O CEO do Mundial de Endurance (WEC), o francês Frédéric Lequien, garantiu que a temporada 2026 terá oito etapas confirmadas, mesmo diante da incerteza sobre as provas do Catar (24 de outubro) e do Bahrein (7 de novembro), ameaçadas pelos conflitos armados no Oriente Médio envolvendo Estados Unidos, Israel e Irã. A categoria já trabalha com um plano B na Europa e tomará uma decisão final em meados de julho, com a segurança das equipes como critério único.
Como a crise reorganizou o calendário
Originalmente, o Catar abriria a temporada em março, recebendo também o Prólogo no Circuito de Lusail. Com a escalada militar em fevereiro, muitas equipes já haviam iniciado o transporte de equipamentos para o Oriente Médio quando a etapa foi realocada.

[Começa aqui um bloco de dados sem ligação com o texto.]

text \<open>k0-dimension of the quotient N/M (where M \<subseteq> N and p N \<subseteq> M, so N/M is a
  k0 = R/(p) vector space): the least size of a spanning set.\<close>
definition qdim :: "('r::comm_ring_1 \<Rightarrow> 'm::ab_group_add \<Rightarrow> 'm) \<Rightarrow> 'm set \<Rightarrow> 'm set \<Rightarrow> nat" where
  "qdim sc N M = (LEAST n. \<exists>S. finite S \<and> card S = n \<and> S \<subseteq> N \<and>
                               N \<subseteq> msum (module.span sc S) M)"

section \<open>Partitions as Young diagrams (sets of boxes (row, column), 1-indexed)\<close>

text \<open>type(B/D): the partition whose conjugate has parts
  beta'_m = dim_k0 p^(m-1)(B/D) / p^m(B/D); row m (from the top) has length beta'_m.\<close>
definition ptype :: "('r::comm_ring_1 \<Rightarrow> 'm::ab_group_add \<Rightarrow> 'm) \<Rightarrow> 'r \<Rightarrow> 'm set \<Rightarrow> 'm set \<Rightarrow> (nat \<times> nat) set" where
  "ptype sc p B D = {(m, c). 1 \<le> m \<and> 1 \<le> c \<and>
      c \<le> qdim sc (msum (pw sc p (m - 1) B) D) (msum (pw sc p m B) D)}"

definition rowlen :: "(nat \<times> nat) set \<Rightarrow> nat \<Rightarrow> nat" where
  "rowlen Y m = card {c. (m, c) \<in> Y}"

text \<open>A triple (A, B, C) with C \<subseteq> A \<subseteq> B submodules of the ambient module stands for the
  embedding (A/C \<subseteq> B/C). An embedding (A \<subseteq> B) is the triple (A, B, {0}).\<close>
type_synonym 'm emb = "'m set \<times> 'm set \<times> 'm set"

definition emb_down :: "('r::comm_ring_1 \<Rightarrow> 'm::ab_group_add \<Rightarrow> 'm) \<Rightarrow> 'r \<Rightarrow> nat \<Rightarrow> 'm emb \<Rightarrow> 'm emb" where
  "emb_down sc p s E = (case E of (A, B, C) \<Rightarrow> (msum (pw sc p s A) C, B, C))"

definition emb_restr :: "('r::comm_ring_1 \<Rightarrow> 'm::ab_group_add \<Rightarrow> 'm) \<Rightarrow> 'r \<Rightarrow> nat \<Rightarrow> 'm emb \<Rightarrow> 'm emb" where
  "emb_restr sc p l E = (case E of (A, B, C) \<Rightarrow> (A, B, msum (pw sc p l A) C))"

definition kexp :: "('r::comm_ring_1 \<Rightarrow> 'm::ab_group_add \<Rightarrow> 'm) \<Rightarrow> 'r \<Rightarrow> 'm emb \<Rightarrow> nat" where
  "kexp sc p E = (case E of (A, B, C) \<Rightarrow> (LEAST e. pw sc p e A \<subseteq> C))"

definition kgamma :: "('r::comm_ring_1 \<Rightarrow> 'm::ab_group_add \<Rightarrow> 'm) \<Rightarrow> 'r \<Rightarrow> 'm emb \<Rightarrow> nat \<Rightarrow> (nat \<times> nat) set" where
  "kgamma sc p E i = (case E of (A, B, C) \<Rightarrow> ptype sc p B (msum (pw sc p i A) C))"

text \<open>gamma^{l,r} = type((B/C) / (p^l A' + p (p^(l-2) A' \<inter> p^r B'))) with A' = A/C, B' = B/C,
  computed via preimages in B.\<close>
definition kgamma2 :: "('r::comm_ring_1 \<Rightarrow> 'm::ab_group_add \<Rightarrow> 'm) \<Rightarrow> 'r \<Rightarrow> 'm emb \<Rightarrow> nat \<Rightarrow> nat \<Rightarrow> (nat \<times> nat) set" where
  "kgamma2 sc p E l r = (case E of (A, B, C) \<Rightarrow>
     ptype sc p B (msum (msum (pw sc p l A) C)
        (pw sc p 1 (msum (pw sc p (l - 2) A) C \<inter> msum (pw sc p r B) C))))"

text \<open>phi^l: the unique filling of the skew diagram gamma^l \ gamma^(l-1) (value 0 outside it)\<close>
definition kphi :: "('r::comm_ring_1 \<Rightarrow> 'm::ab_group_add \<Rightarrow> 'm) \<Rightarrow> 'r \<Rightarrow> 'm emb \<Rightarrow> nat \<Rightarrow> (nat \<times> nat \<Rightarrow> nat)" where
  "kphi sc p E l = (THE f.
     let Sk = kgamma sc p E l - kgamma sc p E (l - 1) in
     (\<forall>x. x \<notin> Sk \<longrightarrow> f x = 0) \<and>
     (\<forall>x\<in>Sk. 1 \<le> f x) \<and>
     (\<forall>m c c'. (m, c) \<in> Sk \<and> (m, c') \<in> Sk \<and> c \<le> c' \<longrightarrow> f (m, c) \<le> f (m, c')) \<and>
     (\<forall>r\<ge>1. \<forall>m\<ge>1. int (card {c. (m, c) \<in> Sk \<and> f (m, c) = r}) =
          int (rowlen (kgamma2 sc p E l r) m) - int (rowlen (kgamma2 sc p E l (r - 1)) m)))"

definition klein_tableau :: "('r::comm_ring_1 \<Rightarrow> 'm::ab_group_add \<Rightarrow> 'm) \<Rightarrow> 'r \<Rightarrow> 'm emb \<Rightarrow>
    (nat \<times> nat) set list \<times> (nat \<times> nat \<Rightarrow> nat) list" where
  "klein_tableau sc p E =
     (map (kgamma sc p E) [0..<kexp sc p E + 1], map (kphi sc p E) [2..<kexp sc p E + 1])"

text \<open>Pi|_u^l = [gamma^(l-u), ..., gamma^l; phi^(l-u+2), ..., phi^l] (list position j of
  the gamma list is stripe label j; filling values retained)\<close>
definition tab_restrict :: "(nat \<times> nat) set list \<times> (nat \<times> nat \<Rightarrow> nat) list \<Rightarrow> nat \<Rightarrow> nat \<Rightarrow>
    (nat \<times> nat) set list \<times> (nat \<times> nat \<Rightarrow> nat) list" where
  "tab_restrict T u l = (case T of (gs, fs) \<Rightarrow>
     (take (u + 1) (drop (l - u) gs), take (u - 1) (drop (l - u) fs)))"

end

theory Submission
  imports Defs
begin

text \<open>Put \<open>A' = p\<^sup>s A\<close> and \<open>C = p\<^sup>l A\<close> with \<open>s \<le> l\<close>. Every \<open>p\<^sup>j A\<close> with \<open>j \<le> l\<close> already
  contains \<open>C\<close>, so adding \<open>C\<close> to it changes nothing, and the modular law moves \<open>C\<close> out of
  the intersection defining \<open>\<gamma>^{l,r}\<close>. Hence every module entering the Klein tableau of
  \<open>(A'/C \<subseteq> B/C)\<close> at index \<open>i\<close> is the one entering the tableau of \<open>(A \<subseteq> B)\<close> at index \<open>s + i\<close>.
  The exponent of \<open>A'/C\<close> is \<open>l - s\<close>: a smaller one would give \<open>p\<^sup>j A \<subseteq> p\<^sup>l A\<close> for some
  \<open>j < l\<close>, so the chain \<open>p\<^sup>j A \<supseteq> p\<^sup>j\<^sup>+\<^sup>1 A \<supseteq> \<dots>\<close> would be constant from \<open>j\<close> on; as a
  power of \<open>p\<close> kills \<open>A\<close>, this forces \<open>p\<^sup>j A = 0\<close>, against \<open>l \<le> e\<close>.\<close>

lemma msum_zero_right [simp]: "msum X {0} = X"
  by (auto simp: msum_def)

context module
begin

lemma pw_pw: "pw scale p a (pw scale p b X) = pw scale p (a + b) X"
  by (auto simp: pw_def image_image power_add)

lemma subspace_pw: "subspace X \<Longrightarrow> subspace (pw scale p n X)"
  unfolding pw_def
proof (rule subspaceI)
  assume X: "subspace X"
  show "0 \<in> scale (p ^ n) ` X"
    using X subspace_0 by force
  show "x + y \<in> scale (p ^ n) ` X" if "x \<in> scale (p ^ n) ` X" "y \<in> scale (p ^ n) ` X" for x y
    using that X by (auto simp: scale_right_distrib[symmetric] intro: subspace_add)
  show "scale c x \<in> scale (p ^ n) ` X" if x: "x \<in> scale (p ^ n) ` X" for c x
  proof -
    obtain a where "a \<in> X" "x = scale (p ^ n) a"
      using x by blast
    then have "scale c x = scale (p ^ n) (scale c a)" "scale c a \<in> X"
      using X by (simp_all add: mult.commute subspace_scale)
    then show ?thesis
      by blast
  qed
qed

lemma pw_antimono: "subspace X \<Longrightarrow> a \<le> b \<Longrightarrow> pw scale p b X \<subseteq> pw scale p a X"
  using pw_pw[of p a "b - a" X] by (auto simp: pw_def intro: subspace_scale)

lemma msum_absorb_right: "subspace X \<Longrightarrow> Y \<subseteq> X \<Longrightarrow> 0 \<in> Y \<Longrightarrow> msum X Y = X"
  unfolding msum_def by (auto intro: subspace_add) (metis add.right_neutral)

lemma msum_absorb_nested:
  "subspace X \<Longrightarrow> Z \<subseteq> X \<Longrightarrow> 0 \<in> Z \<Longrightarrow> msum X (msum Y Z) = msum X Y"
  unfolding msum_def
proof safe
  fix x y z assume "subspace X" "Z \<subseteq> X" "x \<in> X" "y \<in> Y" "z \<in> Z"
  then have "x + (y + z) = (x + z) + y" "x + z \<in> X"
    by (auto simp: add_ac intro: subspace_add)
  then show "\<exists>c d. x + (y + z) = c + d \<and> c \<in> X \<and> d \<in> Y"
    using \<open>y \<in> Y\<close> by blast
next
  fix x y assume "0 \<in> Z" "x \<in> X" "y \<in> Y"
  then have "y \<in> {c + d |c d. c \<in> Y \<and> d \<in> Z}"
    by (metis (mono_tags, lifting) add.right_neutral mem_Collect_eq)
  then show "\<exists>c d. x + y = c + d \<and> c \<in> X \<and> d \<in> {c + d |c d. c \<in> Y \<and> d \<in> Z}"
    using \<open>x \<in> X\<close> by blast
qed

lemma Int_msum_modular: "subspace X \<Longrightarrow> Z \<subseteq> X \<Longrightarrow> X \<inter> msum Y Z = msum (X \<inter> Y) Z"
  unfolding msum_def
proof safe
  fix y z assume "subspace X" "Z \<subseteq> X" "y + z \<in> X" "y \<in> Y" "z \<in> Z"
  then have "y \<in> X"
    using subspace_diff[of X "y + z" z] by auto
  then show "\<exists>c d. y + z = c + d \<and> c \<in> X \<inter> Y \<and> d \<in> Z"
    using \<open>y \<in> Y\<close> \<open>z \<in> Z\<close> by blast
qed (auto intro: subspace_add)

lemma pw_msum: "pw scale p n (msum X Y) = msum (pw scale p n X) (pw scale p n Y)"
  unfolding pw_def msum_def
proof (intro equalityI subsetI)
  fix w assume "w \<in> scale (p ^ n) ` {x + y |x y. x \<in> X \<and> y \<in> Y}"
  then show "w \<in> {x + y |x y. x \<in> scale (p ^ n) ` X \<and> y \<in> scale (p ^ n) ` Y}"
    by (auto simp: scale_right_distrib) blast
next
  fix w assume "w \<in> {x + y |x y. x \<in> scale (p ^ n) ` X \<and> y \<in> scale (p ^ n) ` Y}"
  then obtain x y where "x \<in> X" "y \<in> Y" "w = scale (p ^ n) (x + y)"
    by (auto simp: scale_right_distrib)
  then show "w \<in> scale (p ^ n) ` {x + y |x y. x \<in> X \<and> y \<in> Y}"
    by blast
qed

lemma pw_subset_imp_zero:
  assumes A: "subspace A" and killed: "\<forall>a\<in>A. scale (p ^ n) a = 0"
    and "j < l" and sub: "pw scale p j A \<subseteq> pw scale p l A"
  shows "pw scale p j A \<subseteq> {0}"
proof -
  have step: "pw scale p j A \<subseteq> pw scale p (Suc j) A"
    using sub pw_antimono[OF A, of "Suc j" l p] \<open>j < l\<close> by auto
  have stable: "pw scale p j A \<subseteq> pw scale p (j + m) A" for m
  proof (induction m)
    case (Suc m)
    have "pw scale p m (pw scale p j A) \<subseteq> pw scale p m (pw scale p (Suc j) A)"
      using step unfolding pw_def by (rule image_mono)
    then show ?case
      using Suc.IH by (simp add: pw_pw add.commute)
  qed simp
  have "pw scale p (j + n) A = pw scale p j (pw scale p n A)"
    by (simp add: pw_pw add.commute)
  also have "\<dots> \<subseteq> {0}"
    using killed by (auto simp: pw_def)
  finally show ?thesis
    using stable[of n] by blast
qed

A temporada acabou começando com as 6 Horas de Ímola, em abril, e as provas do Catar e do Bahrein foram empurradas para o fim do ano.
Por que Catar e Bahrein são estratégicos
Junto com as 24 Horas de Le Mans, as etapas de Catar (1.812 km) e Bahrein (8 horas) são as mais longas e pontuadas do calendário, distribuindo mais pontos que as cinco corridas restantes de 6 horas. Eliminar ou realocar essas provas tem impacto direto na disputa pelos títulos de Hypercar e LMGT3.
“Plano B já está estruturado”
Lequien detalhou que a contingência está em estágio avançado.
“Já começamos a trabalhar em soluções de contingência — um plano B — caso não seja possível organizar as duas últimas corridas, previstas no Catar em 24 de outubro e no Bahrein em 7 de novembro”, afirmou ao portal Grande Prêmio.
“Vamos tomar uma decisão final durante o verão [europeu], certamente por volta de meados de julho — daqui a três semanas —, dependendo de como as notícias evoluírem”, completou.
Segurança como critério absoluto
O dirigente reforçou que apenas o risco operacional definirá o destino das duas etapas finais.
“A nossa decisão será guiada estritamente pela segurança, e apenas pela segurança. Se todas as condições estiverem reunidas, iremos ao Oriente Médio e realizaremos as etapas do Catar e do Bahrein normalmente”, declarou.
“Caso contrário, já estruturamos um plano B e realocaremos as duas últimas corridas certamente para a Europa. Independentemente do cenário, o WEC 2026 contará com oito corridas no total”, finalizou.
O peso geopolítico no automobilismo
A situação espelha decisões recentes do automobilismo global diante de conflitos. A Fórmula 1 já enfrentou cenários semelhantes com o GP do Bahrein de 2011, cancelado pela Primavera Árabe, e com o GP da Rússia, retirado do calendário em 2022 após a invasão da Ucrânia. Para o WEC, manter Catar e Bahrein é também estratégico do ponto de vista comercial — ambos os países são financiadores diretos de programas de endurance e parceiros da ACO e da FIA desde a reformulação da era Hypercar em 2021, que trouxe Toyota, Ferrari, Porsche, Cadillac, BMW, Peugeot, Alpine, Aston Martin e, em breve, McLaren para a categoria principal.
A definição em julho será determinante não apenas para o desfecho esportivo de 2026, mas para a continuidade do equilíbrio geopolítico que sustenta o calendário do WEC.